→ Data in this exercise

++++++

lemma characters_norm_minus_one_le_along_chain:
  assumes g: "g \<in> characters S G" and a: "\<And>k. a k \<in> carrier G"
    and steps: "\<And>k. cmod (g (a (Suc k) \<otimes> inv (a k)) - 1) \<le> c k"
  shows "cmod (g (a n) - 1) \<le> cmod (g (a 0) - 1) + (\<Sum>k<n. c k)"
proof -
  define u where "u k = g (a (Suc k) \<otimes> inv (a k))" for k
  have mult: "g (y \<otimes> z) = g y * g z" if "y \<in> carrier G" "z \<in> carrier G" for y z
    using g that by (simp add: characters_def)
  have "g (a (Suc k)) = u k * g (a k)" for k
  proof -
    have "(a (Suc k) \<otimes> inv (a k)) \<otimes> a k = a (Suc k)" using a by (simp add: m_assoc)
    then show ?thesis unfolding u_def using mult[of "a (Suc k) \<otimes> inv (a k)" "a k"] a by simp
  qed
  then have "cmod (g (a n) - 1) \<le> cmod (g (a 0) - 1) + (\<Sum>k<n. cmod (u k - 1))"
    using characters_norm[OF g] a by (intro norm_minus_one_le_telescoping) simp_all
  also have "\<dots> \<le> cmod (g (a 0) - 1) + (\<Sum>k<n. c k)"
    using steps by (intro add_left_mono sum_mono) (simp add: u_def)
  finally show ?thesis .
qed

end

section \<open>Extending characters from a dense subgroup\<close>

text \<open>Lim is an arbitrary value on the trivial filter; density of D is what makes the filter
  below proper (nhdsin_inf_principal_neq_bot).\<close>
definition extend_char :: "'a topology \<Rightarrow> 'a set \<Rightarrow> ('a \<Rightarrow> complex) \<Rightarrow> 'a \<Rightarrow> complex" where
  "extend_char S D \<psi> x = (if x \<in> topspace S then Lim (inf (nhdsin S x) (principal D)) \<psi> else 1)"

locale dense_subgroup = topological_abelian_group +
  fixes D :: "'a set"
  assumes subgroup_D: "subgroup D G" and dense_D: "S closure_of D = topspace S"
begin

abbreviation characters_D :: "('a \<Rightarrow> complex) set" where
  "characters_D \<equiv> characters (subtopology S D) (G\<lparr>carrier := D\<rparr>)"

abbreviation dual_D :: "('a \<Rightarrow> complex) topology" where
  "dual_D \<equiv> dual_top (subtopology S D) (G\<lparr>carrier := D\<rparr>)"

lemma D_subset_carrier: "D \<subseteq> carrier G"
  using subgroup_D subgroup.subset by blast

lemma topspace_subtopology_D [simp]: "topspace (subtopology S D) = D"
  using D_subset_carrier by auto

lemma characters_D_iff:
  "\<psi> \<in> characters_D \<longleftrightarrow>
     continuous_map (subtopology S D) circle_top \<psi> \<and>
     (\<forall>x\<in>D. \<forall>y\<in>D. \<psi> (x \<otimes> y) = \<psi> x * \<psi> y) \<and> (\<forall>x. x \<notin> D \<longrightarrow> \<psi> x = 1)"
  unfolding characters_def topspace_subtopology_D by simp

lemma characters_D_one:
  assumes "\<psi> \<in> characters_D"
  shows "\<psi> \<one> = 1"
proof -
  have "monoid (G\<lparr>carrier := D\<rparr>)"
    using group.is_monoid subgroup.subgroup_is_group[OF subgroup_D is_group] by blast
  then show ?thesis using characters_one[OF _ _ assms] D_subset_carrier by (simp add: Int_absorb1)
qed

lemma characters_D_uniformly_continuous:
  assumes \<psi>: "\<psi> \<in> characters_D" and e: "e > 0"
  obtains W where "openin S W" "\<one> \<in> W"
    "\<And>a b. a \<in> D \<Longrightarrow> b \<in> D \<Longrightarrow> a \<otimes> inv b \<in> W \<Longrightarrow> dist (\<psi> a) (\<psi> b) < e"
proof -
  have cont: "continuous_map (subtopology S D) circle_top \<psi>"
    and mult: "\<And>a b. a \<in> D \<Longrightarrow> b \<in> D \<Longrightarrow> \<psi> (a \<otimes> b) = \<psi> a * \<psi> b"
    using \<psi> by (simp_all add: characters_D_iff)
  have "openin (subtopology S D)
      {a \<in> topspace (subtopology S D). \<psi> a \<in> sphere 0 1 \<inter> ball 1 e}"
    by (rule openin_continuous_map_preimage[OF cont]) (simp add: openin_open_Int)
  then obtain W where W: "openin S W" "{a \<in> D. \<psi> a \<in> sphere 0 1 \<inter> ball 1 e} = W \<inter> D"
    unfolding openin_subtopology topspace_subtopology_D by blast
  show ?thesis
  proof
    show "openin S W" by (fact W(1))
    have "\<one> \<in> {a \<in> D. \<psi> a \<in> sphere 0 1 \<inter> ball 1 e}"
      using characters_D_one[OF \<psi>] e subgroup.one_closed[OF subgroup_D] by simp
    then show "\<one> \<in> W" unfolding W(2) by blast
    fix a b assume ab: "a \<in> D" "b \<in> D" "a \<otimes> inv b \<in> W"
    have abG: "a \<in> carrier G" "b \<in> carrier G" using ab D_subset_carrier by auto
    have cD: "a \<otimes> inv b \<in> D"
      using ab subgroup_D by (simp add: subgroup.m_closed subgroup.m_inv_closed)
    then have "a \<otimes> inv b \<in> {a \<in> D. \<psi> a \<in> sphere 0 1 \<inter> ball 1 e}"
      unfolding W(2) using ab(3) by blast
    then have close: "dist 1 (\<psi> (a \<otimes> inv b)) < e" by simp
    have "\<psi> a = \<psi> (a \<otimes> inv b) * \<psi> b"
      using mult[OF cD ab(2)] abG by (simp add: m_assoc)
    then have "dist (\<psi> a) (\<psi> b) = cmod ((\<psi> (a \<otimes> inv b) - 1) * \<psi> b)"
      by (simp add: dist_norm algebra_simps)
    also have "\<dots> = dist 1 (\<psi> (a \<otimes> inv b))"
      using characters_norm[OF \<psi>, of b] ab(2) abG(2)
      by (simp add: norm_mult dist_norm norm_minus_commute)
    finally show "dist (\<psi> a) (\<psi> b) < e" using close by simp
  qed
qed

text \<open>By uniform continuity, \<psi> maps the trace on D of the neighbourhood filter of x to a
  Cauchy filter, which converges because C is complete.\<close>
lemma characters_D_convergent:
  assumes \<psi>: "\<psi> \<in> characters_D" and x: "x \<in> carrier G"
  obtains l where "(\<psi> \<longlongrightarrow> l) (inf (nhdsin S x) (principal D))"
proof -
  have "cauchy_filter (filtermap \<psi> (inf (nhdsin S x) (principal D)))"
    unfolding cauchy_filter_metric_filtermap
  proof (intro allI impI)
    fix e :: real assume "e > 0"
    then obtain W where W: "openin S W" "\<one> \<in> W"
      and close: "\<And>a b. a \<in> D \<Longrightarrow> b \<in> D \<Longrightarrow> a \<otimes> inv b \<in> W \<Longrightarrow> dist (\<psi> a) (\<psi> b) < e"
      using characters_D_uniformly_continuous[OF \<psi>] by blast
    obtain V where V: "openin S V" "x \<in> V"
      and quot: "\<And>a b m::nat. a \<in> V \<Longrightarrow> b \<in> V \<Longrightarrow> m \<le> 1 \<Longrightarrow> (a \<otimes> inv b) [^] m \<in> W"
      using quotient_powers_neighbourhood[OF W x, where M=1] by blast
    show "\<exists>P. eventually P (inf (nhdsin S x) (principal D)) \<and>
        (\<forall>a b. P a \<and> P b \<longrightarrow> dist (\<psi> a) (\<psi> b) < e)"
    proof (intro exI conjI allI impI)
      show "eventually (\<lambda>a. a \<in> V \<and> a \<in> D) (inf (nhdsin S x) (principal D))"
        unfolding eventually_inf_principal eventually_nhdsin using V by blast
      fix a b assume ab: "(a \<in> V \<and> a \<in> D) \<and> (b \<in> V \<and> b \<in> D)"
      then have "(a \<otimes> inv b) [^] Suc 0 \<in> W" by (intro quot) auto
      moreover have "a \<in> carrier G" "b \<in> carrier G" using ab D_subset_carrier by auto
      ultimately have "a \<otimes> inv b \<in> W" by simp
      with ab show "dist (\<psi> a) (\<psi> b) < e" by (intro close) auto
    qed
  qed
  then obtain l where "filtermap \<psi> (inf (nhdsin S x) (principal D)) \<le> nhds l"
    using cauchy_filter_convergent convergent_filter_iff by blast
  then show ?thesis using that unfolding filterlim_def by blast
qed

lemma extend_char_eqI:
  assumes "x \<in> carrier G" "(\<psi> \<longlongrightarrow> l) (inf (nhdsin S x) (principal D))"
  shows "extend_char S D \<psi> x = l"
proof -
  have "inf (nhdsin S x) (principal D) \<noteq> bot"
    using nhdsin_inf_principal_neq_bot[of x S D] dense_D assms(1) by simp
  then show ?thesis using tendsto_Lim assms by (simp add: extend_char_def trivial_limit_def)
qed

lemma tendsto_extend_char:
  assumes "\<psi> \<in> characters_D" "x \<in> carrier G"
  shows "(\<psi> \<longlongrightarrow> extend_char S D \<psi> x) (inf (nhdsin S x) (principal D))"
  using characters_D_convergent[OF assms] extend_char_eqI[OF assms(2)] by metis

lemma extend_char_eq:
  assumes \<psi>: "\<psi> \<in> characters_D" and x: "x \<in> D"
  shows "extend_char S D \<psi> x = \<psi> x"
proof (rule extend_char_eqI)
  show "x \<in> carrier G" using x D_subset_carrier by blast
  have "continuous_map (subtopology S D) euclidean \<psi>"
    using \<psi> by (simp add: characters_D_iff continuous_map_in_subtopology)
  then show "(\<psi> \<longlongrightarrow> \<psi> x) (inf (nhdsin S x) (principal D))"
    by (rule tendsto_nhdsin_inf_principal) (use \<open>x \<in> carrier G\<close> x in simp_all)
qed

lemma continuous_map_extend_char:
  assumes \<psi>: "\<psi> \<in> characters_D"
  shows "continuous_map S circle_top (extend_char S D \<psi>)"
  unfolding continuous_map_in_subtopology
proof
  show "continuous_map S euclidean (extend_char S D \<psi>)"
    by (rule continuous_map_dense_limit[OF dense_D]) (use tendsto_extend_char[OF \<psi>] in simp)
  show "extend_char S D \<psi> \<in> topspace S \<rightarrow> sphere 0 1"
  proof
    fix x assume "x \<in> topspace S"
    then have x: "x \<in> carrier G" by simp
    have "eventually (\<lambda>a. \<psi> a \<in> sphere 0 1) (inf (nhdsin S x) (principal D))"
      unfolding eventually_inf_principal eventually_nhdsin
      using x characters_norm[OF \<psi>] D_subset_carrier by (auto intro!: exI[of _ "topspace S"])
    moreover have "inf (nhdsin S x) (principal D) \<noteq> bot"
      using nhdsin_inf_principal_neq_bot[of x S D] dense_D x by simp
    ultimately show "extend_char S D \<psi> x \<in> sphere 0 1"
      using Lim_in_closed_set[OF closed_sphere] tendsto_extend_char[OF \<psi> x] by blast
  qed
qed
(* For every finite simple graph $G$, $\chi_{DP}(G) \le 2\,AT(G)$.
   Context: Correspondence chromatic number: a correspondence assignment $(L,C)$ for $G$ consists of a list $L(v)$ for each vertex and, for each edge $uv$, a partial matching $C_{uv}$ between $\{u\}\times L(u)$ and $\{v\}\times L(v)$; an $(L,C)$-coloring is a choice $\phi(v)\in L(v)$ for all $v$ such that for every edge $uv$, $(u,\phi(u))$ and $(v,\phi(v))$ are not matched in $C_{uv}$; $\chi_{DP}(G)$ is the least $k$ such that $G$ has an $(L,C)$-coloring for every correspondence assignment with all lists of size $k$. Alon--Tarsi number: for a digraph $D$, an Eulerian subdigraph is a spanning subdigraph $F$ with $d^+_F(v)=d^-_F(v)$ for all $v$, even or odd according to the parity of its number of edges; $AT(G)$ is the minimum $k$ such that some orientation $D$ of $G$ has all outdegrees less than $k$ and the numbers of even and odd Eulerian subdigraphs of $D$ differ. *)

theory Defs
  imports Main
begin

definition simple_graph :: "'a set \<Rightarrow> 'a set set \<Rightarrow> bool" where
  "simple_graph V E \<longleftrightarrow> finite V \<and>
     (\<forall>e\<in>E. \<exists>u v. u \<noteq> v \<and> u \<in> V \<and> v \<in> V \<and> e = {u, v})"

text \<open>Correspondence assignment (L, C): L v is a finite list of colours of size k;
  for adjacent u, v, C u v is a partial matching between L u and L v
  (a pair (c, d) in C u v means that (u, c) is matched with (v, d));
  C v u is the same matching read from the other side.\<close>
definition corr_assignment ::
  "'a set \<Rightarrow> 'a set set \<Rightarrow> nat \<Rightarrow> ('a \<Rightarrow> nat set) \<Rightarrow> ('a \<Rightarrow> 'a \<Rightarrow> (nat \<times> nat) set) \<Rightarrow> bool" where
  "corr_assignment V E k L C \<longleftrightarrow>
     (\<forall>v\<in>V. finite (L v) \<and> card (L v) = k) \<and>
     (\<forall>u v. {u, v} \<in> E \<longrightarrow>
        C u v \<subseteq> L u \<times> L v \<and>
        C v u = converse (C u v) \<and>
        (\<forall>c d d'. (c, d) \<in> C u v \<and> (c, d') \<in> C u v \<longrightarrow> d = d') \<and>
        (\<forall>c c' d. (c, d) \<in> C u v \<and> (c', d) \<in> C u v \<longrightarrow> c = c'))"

++++++

→ Exercise description
For each line above that carries the word "allI", copy it out.

→ Expected output
  proof (intro allI impI)
    proof (intro exI conjI allI impI)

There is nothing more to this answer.